Tag Archives: Happiness

List and destroy

A brief encounter with an old friend last week ended with an off-handed remark that it seemed to her I was behind in life. I guess in her mind the fact that I’m not dating anyone or married or engaged or popping out babies like it’s my full-time job is a little weird. While I tend to not let myself get bogged down by comments like that (I can think of a million other awesome things to be doing besides getting married), I can’t deny that a lot of non-useful thoughts have been stuck in my head. Not only are these thoughts distracting but they seem to be soaking up my time, energy, and general happy disposition so when I read this article about a three-step approach to simplifying your life and getting past the trivial things that seem to bother us, I decided to give it a try.  

I wasn’t in a particularly philosophical mindset at the time I read the article so I took the route that gave me some semblance of control. I started by writing out a list of all the things that were bothering me. I even included the petty, stupid stuff so that my list included not just the things I needed or wanted to get done but also things people said or people I don’t like (I’m sure we can all guess who made the list). Once my list was complete, I went through each item and pinpointed some immediate, tangible step I could take to address the issue. Even if I knew I couldn’t resolve the issue right then and there I could at least pinpoint an immediate step I could take to make progress towards the end goal. Just like larger school or work projects, breaking down overwhelming feelings into smaller tidbits has been helpful in alleviating stress. Plus, I’ve found that this process has been a good way of recognizing that while some things are petty and not so important in the larger realm of life, my feelings are still valid and little things do matter (as much as we try not to let them).
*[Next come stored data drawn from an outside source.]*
text \<open>With \<alpha> = p \<gamma>_p and \<beta> = q \<gamma>_p we have 0 < \<beta> < 2 < \<alpha>, and
  \<phi>(t) = A t^2 - B t^\<alpha> - D t^\<beta> = t^\<beta> (g(t) - D) with g(t) = A t^(2-\<beta>) - B t^(\<alpha>-\<beta>).
  Since 0 < 2 - \<beta> < \<alpha> - \<beta>, g first increases and then decreases, and the smallness
  assumption on the norm of h says exactly that D lies below the maximum of g; so \<phi> > 0
  precisely on an interval (R1, R2). Likewise \<phi>'(t) = t^(\<beta>-1) (k(t) - \<beta> D) with k of the
  same unimodal shape. As \<phi> rises from negative values to 0 before R1, k exceeds \<beta> D
  somewhere, so \<phi>' is negative, positive, negative on (0, s1), (s1, s2), (s2, \<infinity>): the
  turning points s1 and s2 are a negative strict local minimum and a positive strict
  global maximum.\<close>

lemma unimodal_superlevel_set:
  fixes u :: "real \<Rightarrow> real"
  assumes cont: "continuous_on {0<..} u"
    and inc: "\<And>x y. 0 < x \<Longrightarrow> x < y \<Longrightarrow> y \<le> m \<Longrightarrow> u x < u y"
    and dec: "\<And>x y. m \<le> x \<Longrightarrow> x < y \<Longrightarrow> u y < u x"
    and a: "0 < a" "a < m" "u a < L"
    and b: "m < b" "u b < L"
    and peak: "L < u m"
  obtains r1 r2 where "0 < r1" "r1 < r2" "u r1 = L" "u r2 = L"
    "\<And>t. 0 < t \<Longrightarrow> L < u t \<longleftrightarrow> r1 < t \<and> t < r2"
    "\<And>t. 0 < t \<Longrightarrow> u t < L \<longleftrightarrow> t < r1 \<or> r2 < t"
proof -
  have cont_on: "continuous_on {x..y} u" if "0 < x" for x y
    using cont by (rule continuous_on_subset) (use that in auto)
  obtain r1 where r1: "a \<le> r1" "r1 \<le> m" "u r1 = L"
    using IVT'[of u a L m] a peak cont_on[OF \<open>0 < a\<close>] by auto
  obtain r2 where r2: "m \<le> r2" "r2 \<le> b" "u r2 = L"
    using IVT2'[of u b L m] a b peak cont_on[of m b] by auto
  have "r1 < m" "m < r2"
    using r1 r2 peak by (metis order_less_le order_less_irrefl)+
  have "0 < r1" using a r1 by linarith
  have below_r1: "u t < L" if "0 < t" "t < r1" for t
    using inc[OF that \<open>r1 \<le> m\<close>] r1 by simp
  have above_r2: "u t < L" if "r2 < t" for t
    using dec[OF \<open>m \<le> r2\<close> that] r2 by simp
  have between: "L < u t" if "r1 < t" "t < r2" for t
  proof (cases "t \<le> m")
    case True
    then show ?thesis using inc[OF \<open>0 < r1\<close> \<open>r1 < t\<close>] r1 by simp
  next
    case False
    then show ?thesis using dec[of t r2] \<open>t < r2\<close> r2 by simp
  qed
  show thesis
  proof (rule that[OF \<open>0 < r1\<close> _ r1(3) r2(3)])
    show "r1 < r2" using \<open>r1 < m\<close> \<open>m < r2\<close> by simp
    fix t :: real assume "0 < t"
    then show "L < u t \<longleftrightarrow> r1 < t \<and> t < r2" "u t < L \<longleftrightarrow> t < r1 \<or> r2 < t"
      using below_r1 above_r2 between r1(3) r2(3) \<open>r1 < m\<close> \<open>m < r2\<close>
      by (metis linorder_neqE_linordered_idom order_less_asym)+
  qed
qed

lemma powr_diff_unimodal:
  fixes P Q \<mu> \<nu> :: real
  assumes P: "0 < P" and Q: "0 < Q" and \<mu>: "0 < \<mu>" "\<mu> < \<nu>"
  defines "u \<equiv> \<lambda>t. P * t powr \<mu> - Q * t powr \<nu>"
    and "m \<equiv> (\<mu> * P / (\<nu> * Q)) powr (1 / (\<nu> - \<mu>))"
  shows "0 < m"
    and "\<And>x y. 0 < x \<Longrightarrow> x < y \<Longrightarrow> y \<le> m \<Longrightarrow> u x < u y"
    and "\<And>x y. m \<le> x \<Longrightarrow> x < y \<Longrightarrow> u y < u x"
    and "u m = (\<nu> - \<mu>) / \<nu> * P * (\<mu> * P / (\<nu> * Q)) powr (\<mu> / (\<nu> - \<mu>))"
proof -
  define r where "r = \<mu> * P / (\<nu> * Q)"
  have "0 < r" unfolding r_def using P Q \<mu> by simp
  then show "0 < m" unfolding m_def r_def[symmetric] by simp
  have m_power: "m powr (\<nu> - \<mu>) = r"
    unfolding m_def r_def[symmetric] using \<open>0 < r\<close> \<mu> by (simp add: powr_powr)
  have split_powr: "t powr \<nu> = t powr \<mu> * t powr (\<nu> - \<mu>)" if "0 < t" for t
    using that by (simp add: powr_add[symmetric])
  have deriv: "(u has_real_derivative z powr (\<mu> - 1) * (\<nu> * Q) * (m powr (\<nu> - \<mu>) - z powr (\<nu> - \<mu>))) (at z)"
    if "0 < z" for z
  proof -
    have "(u has_real_derivative P * (\<mu> * z powr (\<mu> - 1)) - Q * (\<nu> * z powr (\<nu> - 1))) (at z)"
      unfolding u_def by (intro DERIV_diff DERIV_cmult has_real_derivative_powr that)
    moreover have "z powr (\<nu> - 1) = z powr (\<mu> - 1) * z powr (\<nu> - \<mu>)"
      using that by (simp add: powr_add[symmetric])
    then have "P * (\<mu> * z powr (\<mu> - 1)) - Q * (\<nu> * z powr (\<nu> - 1))
        = z powr (\<mu> - 1) * (\<nu> * Q) * (m powr (\<nu> - \<mu>) - z powr (\<nu> - \<mu>))"
      unfolding m_power r_def using Q \<mu> by (simp add: field_simps)
    ultimately show ?thesis by simp
  qed
  have cont: "continuous_on {x..y} u" if "0 < x" for x y
    unfolding u_def using \<mu> that by (intro continuous_intros) auto
  show "u x < u y" if "0 < x" "x < y" "y \<le> m" for x y
  proof (rule DERIV_pos_imp_increasing_open[OF \<open>x < y\<close> _ cont[OF \<open>0 < x\<close>]])
    fix z assume z: "x < z" "z < y"
    then have "z powr (\<nu> - \<mu>) < m powr (\<nu> - \<mu>)"
      using that \<mu> by (intro powr_less_mono2) auto
    then have "0 < z powr (\<mu> - 1) * (\<nu> * Q) * (m powr (\<nu> - \<mu>) - z powr (\<nu> - \<mu>))"
      using Q \<mu> \<open>0 < x\<close> \<open>x < z\<close> by simp
    with deriv z that show "\<exists>d. (u has_real_derivative d) (at z) \<and> 0 < d"
      by (meson order_less_trans)
  qed
  show "u y < u x" if "m \<le> x" "x < y" for x y
  proof (rule DERIV_neg_imp_decreasing_open[OF \<open>x < y\<close> _ cont])
    show "0 < x" using \<open>0 < m\<close> that by linarith
    fix z assume z: "x < z" "z < y"
    then have "m powr (\<nu> - \<mu>) < z powr (\<nu> - \<mu>)"
      using that \<mu> \<open>0 < m\<close> by (intro powr_less_mono2) auto
    then have "z powr (\<mu> - 1) * (\<nu> * Q) * (m powr (\<nu> - \<mu>) - z powr (\<nu> - \<mu>)) < 0"
      using Q \<mu> \<open>0 < x\<close> \<open>x < z\<close> by (simp add: mult_pos_neg)
    with deriv z \<open>0 < x\<close> show "\<exists>d. (u has_real_derivative d) (at z) \<and> d < 0"
      by (meson order_less_trans)
  qed
  have "u m = P * m powr \<mu> * (1 - \<mu> / \<nu>)"
    unfolding u_def split_powr[OF \<open>0 < m\<close>] m_power using Q \<mu> by (simp add: r_def field_simps)
  also have "m powr \<mu> = r powr (\<mu> / (\<nu> - \<mu>))"
    unfolding m_def r_def[symmetric] using \<open>0 < r\<close> by (simp add: powr_powr)
  finally show "u m = (\<nu> - \<mu>) / \<nu> * P * (\<mu> * P / (\<nu> * Q)) powr (\<mu> / (\<nu> - \<mu>))"
    unfolding r_def using \<mu> by (simp add: field_simps)
qed

lemma powr_diff_superlevel_set:
  fixes P Q \<mu> \<nu> L s :: real
  assumes P: "0 < P" and Q: "0 < Q" and \<mu>: "0 < \<mu>" "\<mu> < \<nu>" and L: "0 < L"
    and s: "0 < s" "L < P * s powr \<mu> - Q * s powr \<nu>"
  obtains r1 r2 where "0 < r1" "r1 < r2"
    "P * r1 powr \<mu> - Q * r1 powr \<nu> = L" "P * r2 powr \<mu> - Q * r2 powr \<nu> = L"
    "\<And>t. 0 < t \<Longrightarrow> L < P * t powr \<mu> - Q * t powr \<nu> \<longleftrightarrow> r1 < t \<and> t < r2"
    "\<And>t. 0 < t \<Longrightarrow> P * t powr \<mu> - Q * t powr \<nu> < L \<longleftrightarrow> t < r1 \<or> r2 < t"
proof -
  define u where "u = (\<lambda>t::real. P * t powr \<mu> - Q * t powr \<nu>)"
  define m where "m = (\<mu> * P / (\<nu> * Q)) powr (1 / (\<nu> - \<mu>))"
  note shape = powr_diff_unimodal[OF P Q \<mu>, folded m_def]
  have inc: "u x < u y" if "0 < x" "x < y" "y \<le> m" for x y
    unfolding u_def using shape(2) that .
  have dec: "u y < u x" if "m \<le> x" "x < y" for x y
    unfolding u_def using shape(3) that .
  have "L < u m"
    using inc[of s m] dec[of m s] s unfolding u_def by (cases s m rule: linorder_cases) auto
  have "(u \<longlongrightarrow> 0) (at_right 0)"
    unfolding u_def using \<mu> by real_asymp
  then have "\<forall>\<^sub>F t in at_right 0. 0 < t \<and> t < m \<and> u t < L"
    using eventually_at_right_less order_tendstoD(2)[OF tendsto_ident_at shape(1)]
      order_tendstoD(2)[OF _ L] by (intro eventually_conj) auto
  then obtain a where a: "0 < a" "a < m" "u a < L"
    using eventually_happens'[OF trivial_limit_at_right_real] by blast
  have "filterlim u at_bot at_top"
    unfolding u_def using P Q \<mu> by real_asymp
  then have "\<forall>\<^sub>F t in at_top. m < t \<and> u t < L"
    by (auto intro: eventually_conj eventually_gt_at_top simp: filterlim_at_bot_dense)
  then obtain b where b: "m < b" "u b < L"
    using eventually_happens'[OF trivial_limit_at_top_linorder] by blast
  have "continuous_on {0<..} u"
    unfolding u_def using \<mu> by (intro continuous_intros) auto
  from unimodal_superlevel_set[OF this inc dec a b \<open>L < u m\<close>] that
  show thesis unfolding u_def by blast
qed

lemma decreasing_increasing_decreasing_by_deriv:
  fixes f f' :: "real \<Rightarrow> real" and s1 s2 :: real
  assumes deriv: "\<And>t. 0 < t \<Longrightarrow> (f has_real_derivative f' t) (at t)"
    and "0 < s1" "s1 < s2"
    and neg: "\<And>t. 0 < t \<Longrightarrow> t < s1 \<or> s2 < t \<Longrightarrow> f' t < 0"
    and pos: "\<And>t. s1 < t \<Longrightarrow> t < s2 \<Longrightarrow> 0 < f' t"
  shows "\<And>x y. 0 < x \<Longrightarrow> x < y \<Longrightarrow> y \<le> s1 \<Longrightarrow> f y < f x"
    and "\<And>x y. s1 \<le> x \<Longrightarrow> x < y \<Longrightarrow> y \<le> s2 \<Longrightarrow> f x < f y"
    and "\<And>x y. s2 \<le> x \<Longrightarrow> x < y \<Longrightarrow> f y < f x"
proof -
  have cont: "continuous_on {x..y} f" if "0 < x" for x y
  proof (rule DERIV_continuous_on[where D = f'])
    fix z assume "z \<in> {x..y}"
    with that have "0 < z" by simp
    then show "(f has_field_derivative f' z) (at z within {x..y})"
      by (rule has_field_derivative_at_within[OF deriv])
  qed
  show "f y < f x" if "0 < x" "x < y" "y \<le> s1" for x y
  proof (rule DERIV_neg_imp_decreasing_open[OF \<open>x < y\<close> _ cont[OF \<open>0 < x\<close>]])
    fix z assume "x < z" "z < y"
    with that show "\<exists>d. (f has_real_derivative d) (at z) \<and> d < 0"
      using deriv neg by (meson less_le_trans order.strict_trans)
  qed
  show "f x < f y" if "s1 \<le> x" "x < y" "y \<le> s2" for x y
  proof (rule DERIV_pos_imp_increasing_open[OF \<open>x < y\<close> _ cont])
    show "0 < x" using that \<open>0 < s1\<close> by linarith
    fix z assume "x < z" "z < y"
    with that \<open>0 < x\<close> show "\<exists>d. (f has_real_derivative d) (at z) \<and> 0 < d"
      using deriv pos by (meson le_less_trans less_le_trans order.strict_trans)
  qed
  show "f y < f x" if "s2 \<le> x" "x < y" for x y
  proof (rule DERIV_neg_imp_decreasing_open[OF \<open>x < y\<close> _ cont])
    show "0 < x" using that \<open>0 < s1\<close> \<open>s1 < s2\<close> by linarith
    fix z assume "x < z" "z < y"
    with that \<open>0 < x\<close> show "\<exists>d. (f has_real_derivative d) (at z) \<and> d < 0"
      using deriv neg by (meson le_less_trans order.strict_trans)
  qed
qed
(*
  Write \<Gamma> = \<Gamma>\<^sub>t \<Gamma>\<^sub>z. Where p(x) > 0, the factorisation \<psi> = \<phi> e and the odds-ratio bounds give
  p(x) / \<Gamma> \<le> w\<^sub>\<eta>(t,z,x) p(x,t,z) \<le> \<Gamma> p(x); integrating over x, c(t,z) p(t,z) lies in [1/\<Gamma>, \<Gamma>].
  Hence the density q\<^sub>\<eta>(x|t,z) p(t,z) dominates p(x) p(t,z) / \<Gamma>\<^sup>2, i.e. the reweighted law is a
  mixture \<kappa> P + (1 - \<kappa>) R of the product law P and some probability measure R, with \<kappa> = 1/\<Gamma>\<^sup>2.
  Coupling the P-part with itself and the R-part independently with P moves mass only with
  probability 1 - \<kappa>, each time by at most the diameter of the representation space. Finally
  1 - 1/\<Gamma>\<^sup>2 \<le> sqrt(log \<Gamma>), since 2y\<^sup>2 \<le> -log(1 - y) for 0 \<le> y < 1.
*)

section \<open>Couplings of mixtures\<close>

text \<open>With probability \<kappa> a point drawn from A is paired with itself, otherwise with an
  independent draw from R; only the second branch contributes to the transport cost.\<close>

definition mixture_coupling ::
    "real \<Rightarrow> 'b measure \<Rightarrow> 'b measure \<Rightarrow> 'c measure \<Rightarrow> ('b \<Rightarrow> 'c) \<Rightarrow> ('c \<times> 'c) measure" where
  "mixture_coupling \<kappa> A R T g =
     distr (density (count_space UNIV \<Otimes>\<^sub>M (A \<Otimes>\<^sub>M R)) (\<lambda>(c, _). ennreal (if c then \<kappa> else 1 - \<kappa>)))
       (T \<Otimes>\<^sub>M T) (\<lambda>(c, \<omega>, \<omega>'). (g \<omega>, g (if c then \<omega> else \<omega>')))"

lemma sets_mixture_coupling [simp]: "sets (mixture_coupling \<kappa> A R T g) = sets (T \<Otimes>\<^sub>M T)"
  by (simp add: mixture_coupling_def)

lemma nn_integral_mixture_coupling:
  assumes "prob_space A" "prob_space R" "sets R = sets A" "g \<in> measurable A T"
    and F: "F \<in> borel_measurable (T \<Otimes>\<^sub>M T)"
  shows "(\<integral>\<^sup>+ p. F p \<partial>mixture_coupling \<kappa> A R T g) =
           ennreal \<kappa> * (\<integral>\<^sup>+ \<omega>. F (g \<omega>, g \<omega>) \<partial>A) + ennreal (1 - \<kappa>) * (\<integral>\<^sup>+ p. F (g (fst p), g (snd p)) \<partial>(A \<Otimes>\<^sub>M R))"
proof -
  interpret A: prob_space A by fact
  interpret R: prob_space R by fact
  interpret AR: pair_prob_space A R ..
  let ?S = "count_space UNIV \<Otimes>\<^sub>M (A \<Otimes>\<^sub>M R)"
  let ?w = "\<lambda>(c, _). ennreal (if c then \<kappa> else 1 - \<kappa>)"
  let ?h = "\<lambda>(c, \<omega>, \<omega>'). (g \<omega>, g (if c then \<omega> else \<omega>'))"
  have g[measurable]: "g \<in> measurable A T" by fact
  have snd_snd: "(\<lambda>q. snd (snd q)) \<in> measurable ?S A"
    using measurable_compose[OF measurable_snd measurable_snd, of "count_space UNIV" A R]
    unfolding measurable_cong_sets[OF refl assms(3)] .
  have h: "?h \<in> measurable ?S (T \<Otimes>\<^sub>M T)"
    using snd_snd unfolding split_beta' by measurable
  have w: "?w \<in> borel_measurable ?S"
    unfolding split_beta' by measurable
  have Fh: "(\<lambda>q. F (?h q)) \<in> borel_measurable ?S"
    by (rule measurable_compose[OF h F])
  have wF: "(\<lambda>q. ?w q * F (?h q)) \<in> borel_measurable ?S"
    using w Fh by (rule borel_measurable_times_ennreal)
  have "(\<integral>\<^sup>+ p. F p \<partial>mixture_coupling \<kappa> A R T g) = (\<integral>\<^sup>+ q. ?w q * F (?h q) \<partial>?S)"
    unfolding mixture_coupling_def
    by (subst nn_integral_distr) (use h F in \<open>simp_all add: nn_integral_density[OF w Fh]\<close>)
  also have "\<dots> = (\<integral>\<^sup>+ c. \<integral>\<^sup>+ p. ?w (c, p) * F (?h (c, p)) \<partial>(A \<Otimes>\<^sub>M R) \<partial>count_space UNIV)"
    by (rule sigma_finite_measure.nn_integral_fst[symmetric, OF _ wF])
       (rule prob_space_imp_sigma_finite[OF AR.P.prob_space_axioms])
  also have "\<dots> = ennreal \<kappa> * (\<integral>\<^sup>+ p. F (g (fst p), g (fst p)) \<partial>(A \<Otimes>\<^sub>M R))
                 + ennreal (1 - \<kappa>) * (\<integral>\<^sup>+ p. F (g (fst p), g (snd p)) \<partial>(A \<Otimes>\<^sub>M R))"
  proof -
    have gR: "g \<in> measurable R T"
      using g unfolding measurable_cong_sets[OF assms(3) refl] .
    have "(\<lambda>p. F (g (fst p), g (fst p))) \<in> borel_measurable (A \<Otimes>\<^sub>M R)"
      "(\<lambda>p. F (g (fst p), g (snd p))) \<in> borel_measurable (A \<Otimes>\<^sub>M R)"
      using F gR by measurable
    then show ?thesis
      by (simp add: nn_integral_count_space_finite UNIV_bool split_beta' nn_integral_cmult)
  qed
  also have "(\<integral>\<^sup>+ p. F (g (fst p), g (fst p)) \<partial>(A \<Otimes>\<^sub>M R)) = (\<integral>\<^sup>+ \<omega>. F (g \<omega>, g \<omega>) \<partial>A)"
    using R.nn_integral_fst[of "\<lambda>p. F (g (fst p), g (fst p))" A] F by (simp add: R.emeasure_space_1)
  finally show ?thesis .
qed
Since writing my list of things bothering me, I’ve destroyed more than half of the action steps listed (and all in one night at that). The list ranges from menial stuff like “the fact I have a food baby –> do 15 situps” to more serious things like “Forbes says I should have 3 professional mentoring relationships and I have none –> email Eric already!” and “Not being present in the moment –> buy a new gratitude journal and write down all the things you’re loving today.” Overall, I’ve found the process to be really helpful in changing my disposition. And call me anal, but I love that it makes me feel more in control about the trivial (and not-so trivial) aspects of life.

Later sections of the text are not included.